Reading SNP Data

Last year I tested my genome with 23andMe (luckily, just before the FDA freeze on the health results of 23andMe).  23andMe has a wonderful interface for displaying mutations and the associated studies linking mutations to phenotype.  Unfortunately this display is only available to tests completed prior to November 22, 2013.  Tests run after this date have access to ancestry and their raw data.  The raw data is important because it still allows you to look into your health report without using 23andMe.  Today, I'll show you how to navigate a SNP database (Single Nucleotide Polymorphism, pronounced snip).  Lets say we read somewhere that people with the recessive phenotype at SNP rs601338 are resistant to some strains of Norovirus.  We'll check the validity of this fact and see if the recessive phenotype is in our 23andMe raw data.  

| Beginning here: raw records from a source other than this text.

lemma blockwise_affineI:
  assumes "finite T"
    and linear: "\<And>k. 2 \<le> k \<Longrightarrow> k+1 \<le> n \<Longrightarrow> k \<notin> T \<Longrightarrow> 2 * u k = u (k+1) + u (k-1)"
  shows "blockwise_affine n T u"
  unfolding blockwise_affine_def is_affine_on_def
proof
  fix j
  define B where "B = block n T j"
  show "\<exists>a b. \<forall>i\<in>block n T j. u i = a + b * index_dev (block n T j) i"
  proof (cases "B = {}")
    case True then show ?thesis unfolding B_def by auto
  next
    case False
    define s where "s = Min B"
    have "s \<in> B" using Min_in[OF _ False] s_def B_def by simp
    define d where "d = u (s+1) - u s"
    have "u i = (u s - d * index_dev B s) + d * index_dev B i" if "i \<in> B" for i
    proof -
      have "s \<le> i" using Min_le[OF _ that] s_def B_def by simp
      then have "u i = u s + (real i - real s) * d"
        unfolding d_def using \<open>s \<in> B\<close> that
        by (intro affine_between_kinks[OF \<open>finite T\<close> linear]) (auto simp: B_def block_def)
      then show ?thesis by (simp add: index_dev_def algebra_simps)
    qed
    then show ?thesis unfolding B_def by blast
  qed
qed

lemma blockwise_affine_diff:
  assumes "blockwise_affine n T u" "blockwise_affine n T v"
  shows "blockwise_affine n T (\<lambda>i. u i - v i)"
  unfolding blockwise_affine_def is_affine_on_def
proof
  fix j
  obtain a b a' b' where "\<forall>i\<in>block n T j. u i = a + b * index_dev (block n T j) i"
    "\<forall>i\<in>block n T j. v i = a' + b' * index_dev (block n T j) i"
    using assms unfolding blockwise_affine_def is_affine_on_def by meson
  then have "\<forall>i\<in>block n T j. u i - v i = (a - a') + (b - b') * index_dev (block n T j) i"
    by (simp add: algebra_simps)
  then show "\<exists>a b. \<forall>i\<in>block n T j. u i - v i = a + b * index_dev (block n T j) i" by blast
qed
lemma forest_prog_nth:
  "forest_prog ! 0 = LoadConst 1 1"
  "forest_prog ! Suc 0 = Add 11 0 1"
  "forest_prog ! 2 = Mul 12 11 11"
  "forest_prog ! 3 = LoadConst 13 8"
  "forest_prog ! 4 = LoadConst 9 16"
  "forest_prog ! 5 = StoreInd 9 1"
  "forest_prog ! 6 = LoadConst 2 1"
  "forest_prog ! 7 = Sub 10 0 2"
  "forest_prog ! 8 = Add 10 10 1"
  "forest_prog ! 9 = JumpPos 10 11"
  "forest_prog ! 10 = Jump 85"
  "forest_prog ! 11 = Sub 15 2 1"
  "forest_prog ! 12 = Mul 9 15 12"
  "forest_prog ! 13 = Mul 10 15 11"
  "forest_prog ! 14 = Add 9 9 10"
  "forest_prog ! 15 = Mul 9 9 13"
  "forest_prog ! 16 = LoadConst 10 16"
  "forest_prog ! 17 = Add 9 9 10"
  "forest_prog ! 18 = LoadInd 5 9"
  "forest_prog ! 19 = Sub 5 5 1"
  "forest_prog ! 20 = LoadConst 3 0"
  "forest_prog ! 21 = Sub 10 0 3"
  "forest_prog ! 22 = Add 10 10 1"
  "forest_prog ! 23 = JumpPos 10 25"
  "forest_prog ! 24 = Jump 83"
  "forest_prog ! 25 = LoadConst 7 0"
  "forest_prog ! 26 = LoadConst 6 1"
  "forest_prog ! 27 = LoadConst 4 1"
  "forest_prog ! 28 = Mul 10 4 2"
  "forest_prog ! 29 = Sub 14 3 10"
  "forest_prog ! 30 = Add 10 14 1"
  "forest_prog ! 31 = JumpPos 10 33"
  "forest_prog ! 32 = Jump 65"
  "forest_prog ! 33 = Add 10 5 4"
  "forest_prog ! 34 = Mul 6 6 10"
  "forest_prog ! 35 = Div 6 6 4"
  "forest_prog ! 36 = Mul 9 2 11"
  "forest_prog ! 37 = Add 9 9 4"
  "forest_prog ! 38 = Mul 9 9 13"
  "forest_prog ! 39 = LoadConst 10 19"
  "forest_prog ! 40 = Add 9 9 10"
  "forest_prog ! 41 = StoreInd 9 6"
  "forest_prog ! 42 = Sub 15 2 1"
  "forest_prog ! 43 = Mul 9 14 12"
  "forest_prog ! 44 = Mul 10 15 11"
  "forest_prog ! 45 = Add 9 9 10"
  "forest_prog ! 46 = Mul 9 9 13"
  "forest_prog ! 47 = LoadConst 10 16"
  "forest_prog ! 48 = Add 9 9 10"
  "forest_prog ! 49 = LoadInd 8 9"
  "forest_prog ! 50 = Mul 8 6 8"
  "forest_prog ! 51 = Mul 9 3 12"
  "forest_prog ! 52 = Mul 10 2 11"
  "forest_prog ! 53 = Add 9 9 10"
  "forest_prog ! 54 = Add 9 9 4"
  "forest_prog ! 55 = Mul 9 9 13"
  "forest_prog ! 56 = LoadConst 10 17"
  "forest_prog ! 57 = Add 9 9 10"
  "forest_prog ! 58 = StoreInd 9 8"
  "forest_prog ! 59 = Add 7 7 8"
  "forest_prog ! 60 = LoadConst 10 1"
  "forest_prog ! 61 = Add 9 9 10"
  "forest_prog ! 62 = StoreInd 9 7"
  "forest_prog ! 63 = Add 4 4 1"
  "forest_prog ! 64 = Jump 28"
  "forest_prog ! 65 = Sub 15 2 1"
  "forest_prog ! 66 = Mul 9 3 12"
  "forest_prog ! 67 = Mul 10 15 11"
  "forest_prog ! 68 = Add 9 9 10"
  "forest_prog ! 69 = Mul 9 9 13"
  "forest_prog ! 70 = LoadConst 10 16"
  "forest_prog ! 71 = Add 9 9 10"
  "forest_prog ! 72 = LoadInd 8 9"
  "forest_prog ! 73 = Add 8 8 7"
  "forest_prog ! 74 = Mul 9 3 12"
  "forest_prog ! 75 = Mul 10 2 11"
  "forest_prog ! 76 = Add 9 9 10"
  "forest_prog ! 77 = Mul 9 9 13"
  "forest_prog ! 78 = LoadConst 10 16"
  "forest_prog ! 79 = Add 9 9 10"
  "forest_prog ! 80 = StoreInd 9 8"
  "forest_prog ! 81 = Add 3 3 1"
  "forest_prog ! 82 = Jump 21"
  "forest_prog ! 83 = Add 2 2 1"
  "forest_prog ! 84 = Jump 7"
  "forest_prog ! 85 = Halt"
  by (simp_all add: forest_prog_def)

lemma length_forest_prog: "length forest_prog = 86"
  by (simp add: forest_prog_def)

definition table_addr :: "nat \<Rightarrow> nat \<times> nat \<times> nat \<times> nat \<Rightarrow> nat" where
  "table_addr K = (\<lambda>(t, a, b, c). 16 + t + 8 * (a * (K * K) + b * K + c))"

lemma table_addr_ge_16: "table_addr K k \<ge> 16"
  by (auto simp: table_addr_def split: prod.splits)

lemma table_addr_neq_register [simp]:
  "r < 16 \<Longrightarrow> table_addr K k \<noteq> r" "r < 16 \<Longrightarrow> r \<noteq> table_addr K k"
  using table_addr_ge_16[of K k] by auto
lemma coercive_on_schur_complement:
  fixes G :: "nat \<Rightarrow> nat \<Rightarrow> real"
  assumes coercive: "coercive_on (insert a J) G c" and "c > 0"
    and "finite J" "a \<notin> J" and sym: "\<forall>i\<in>J. G i a = G a i"
  shows "coercive_on J (\<lambda>i j. G i j - G i a * G a j / G a a) c"
  unfolding coercive_on_def
proof
  fix v :: "nat \<Rightarrow> real"
  have "G a a > 0" using coercive_on_diag[OF coercive] assms(2,3) by fastforce
  define S where "S = (\<Sum>j\<in>J. G a j * v j)"
  define Q where "Q = (\<Sum>i\<in>J. \<Sum>j\<in>J. v i * G i j * v j)"
  \<comment> \<open>the value at a that minimises the form of G for fixed v on J\<close>
  define u where "u = v(a := - S / G a a)"
  have u_J: "(\<Sum>j\<in>J. G a j * u j) = S" "(\<Sum>i\<in>J. \<Sum>j\<in>J. u i * G i j * u j) = Q"
      "(\<Sum>i\<in>J. (u i)\<^sup>2) = (\<Sum>i\<in>J. (v i)\<^sup>2)"
    using assms(4) unfolding u_def S_def Q_def by (auto intro!: sum.cong)
  have "(\<Sum>i\<in>insert a J. \<Sum>j\<in>insert a J. u i * G i j * u j) = Q - S\<^sup>2 / G a a"
    unfolding quadratic_form_insert[OF assms(3-5)] u_J
    using \<open>G a a > 0\<close> by (simp add: u_def field_simps power2_eq_square)
  moreover have "(\<Sum>i\<in>J. \<Sum>j\<in>J. v i * (G i j - G i a * G a j / G a a) * v j) = Q - S\<^sup>2 / G a a"
  proof -
    have "(\<Sum>i\<in>J. v i * G i a) = S" unfolding S_def using sym by (intro sum.cong) auto
    then have "(\<Sum>i\<in>J. \<Sum>j\<in>J. (v i * G i a) * (G a j * v j) / G a a) = S\<^sup>2 / G a a"
      unfolding S_def by (simp add: sum_divide_distrib[symmetric] sum_product[symmetric] power2_eq_square)
    then show ?thesis unfolding Q_def by (simp add: algebra_simps sum_subtractf)
  qed
  moreover have "c * (\<Sum>i\<in>J. (v i)\<^sup>2) \<le> c * (\<Sum>i\<in>insert a J. (u i)\<^sup>2)"
    using u_J(3) assms(2-4) by simp
  moreover have "c * (\<Sum>i\<in>insert a J. (u i)\<^sup>2) \<le> (\<Sum>i\<in>insert a J. \<Sum>j\<in>insert a J. u i * G i j * u j)"
    using coercive unfolding coercive_on_def by blast
  ultimately show "c * (\<Sum>i\<in>J. (v i)\<^sup>2) \<le> (\<Sum>i\<in>J. \<Sum>j\<in>J. v i * (G i j - G i a * G a j / G a a) * v j)"
    by linarith
qed

lemma schur_complement_back_substitution:
  fixes G :: "nat \<Rightarrow> nat \<Rightarrow> real"
  assumes "finite J" "a \<notin> J" "G a a \<noteq> 0"
    and schur_eq: "\<forall>i\<in>J. (\<Sum>j\<in>J. (G i j - G i a * G a j / G a a) * w j) = y i - G i a * y a / G a a"
  shows "\<forall>i\<in>insert a J. (\<Sum>j\<in>insert a J. G i j * (w(a := (y a - (\<Sum>j\<in>J. G a j * w j)) / G a a)) j) = y i"
proof
  fix i assume i: "i \<in> insert a J"
  define wa where "wa = (y a - (\<Sum>j\<in>J. G a j * w j)) / G a a"
  have "(\<Sum>j\<in>insert a J. G i j * (w(a := wa)) j) = G i a * wa + (\<Sum>j\<in>J. G i j * w j)"
    using assms(1,2) by (auto intro!: sum.cong)
  also have "\<dots> = y i"
  proof (cases "i = a")
    case True then show ?thesis using assms(3) by (simp add: wa_def field_simps)
  next
    case False
    then have "y i - G i a * y a / G a a = (\<Sum>j\<in>J. G i j * w j) - G i a * (\<Sum>j\<in>J. G a j * w j) / G a a"
      using schur_eq i by (simp add: algebra_simps sum_subtractf sum_distrib_left sum_divide_distrib)
    then show ?thesis using assms(3) by (simp add: wa_def field_simps)
  qed
  finally show "(\<Sum>j\<in>insert a J. G i j * (w(a := wa)) j) = y i" .
qed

The National Center for Biotechnology Information (NCBI) manages many biotechnology databases including BLAST for nucleotide and protein sequences, PubMed for medical journal articles, dsSNP for SNPs, and many others.  We'll use dsSNP.  Search for rs601338 in dsSNP.  

From the search results we can see the SNP is on chromosome 19, the alleles are either A or G (resulting in AA, AG, and GG phenotypes), the gene is FUT2, and there is a link to the Online Mendelian Inheritance in Man (OMIM) database.  Follow this link.  (In addition, the Varview link provides a great view of the gene neighborhood).

Screen Shot 2014-10-06 at 2.43.28 PM.png

We see this SNP is on the FUT2 gene on chromosome 19 again (a quick check), and finally we see this gene has some association with Norovirus (Norwalk Virus) resistance.  If we scroll further down we can find information about the polymorphisms.  In 1995, Kelly et al. showed the AA phenotype produces proteins with Tryptophan changed to a terminating codon (TAG) resulting in a non-secreting phenotype.  In 2003, Lindsmith et al. showed that the non-secreting phenotype confers resistance to Norwalk Virus infection  Unfortunately, Lindsmith et al.'s article is behind a paywall which is an issue for another day.

Finally, we need to check our raw data from 23andMe to see which phenotype we have.  23andMe organizes the raw data into a TAB-seperated file with the SNP id, chromosome, position, and phenotype.  As shown below, I have the AA, non-secretor phenotype.  This does not mean I am immune to every flu or flu-like virus.  It only means I am resistant (not immune) to the most common strain (not all strains) of Norovirus.  We must be very carful and reserved when interpreting genome data.  

I find this process of digging through biotech databases and articles fun.  However, the TAB-seperated txt file for every SNP tested by 23andMe is 24.8MB (huge!), and it would take forever to go through this process for every SNP.  Fortunately, there are many SNP services to help you comb through your data and understand it readily. (Prometheus is well regarded, but I have not used it).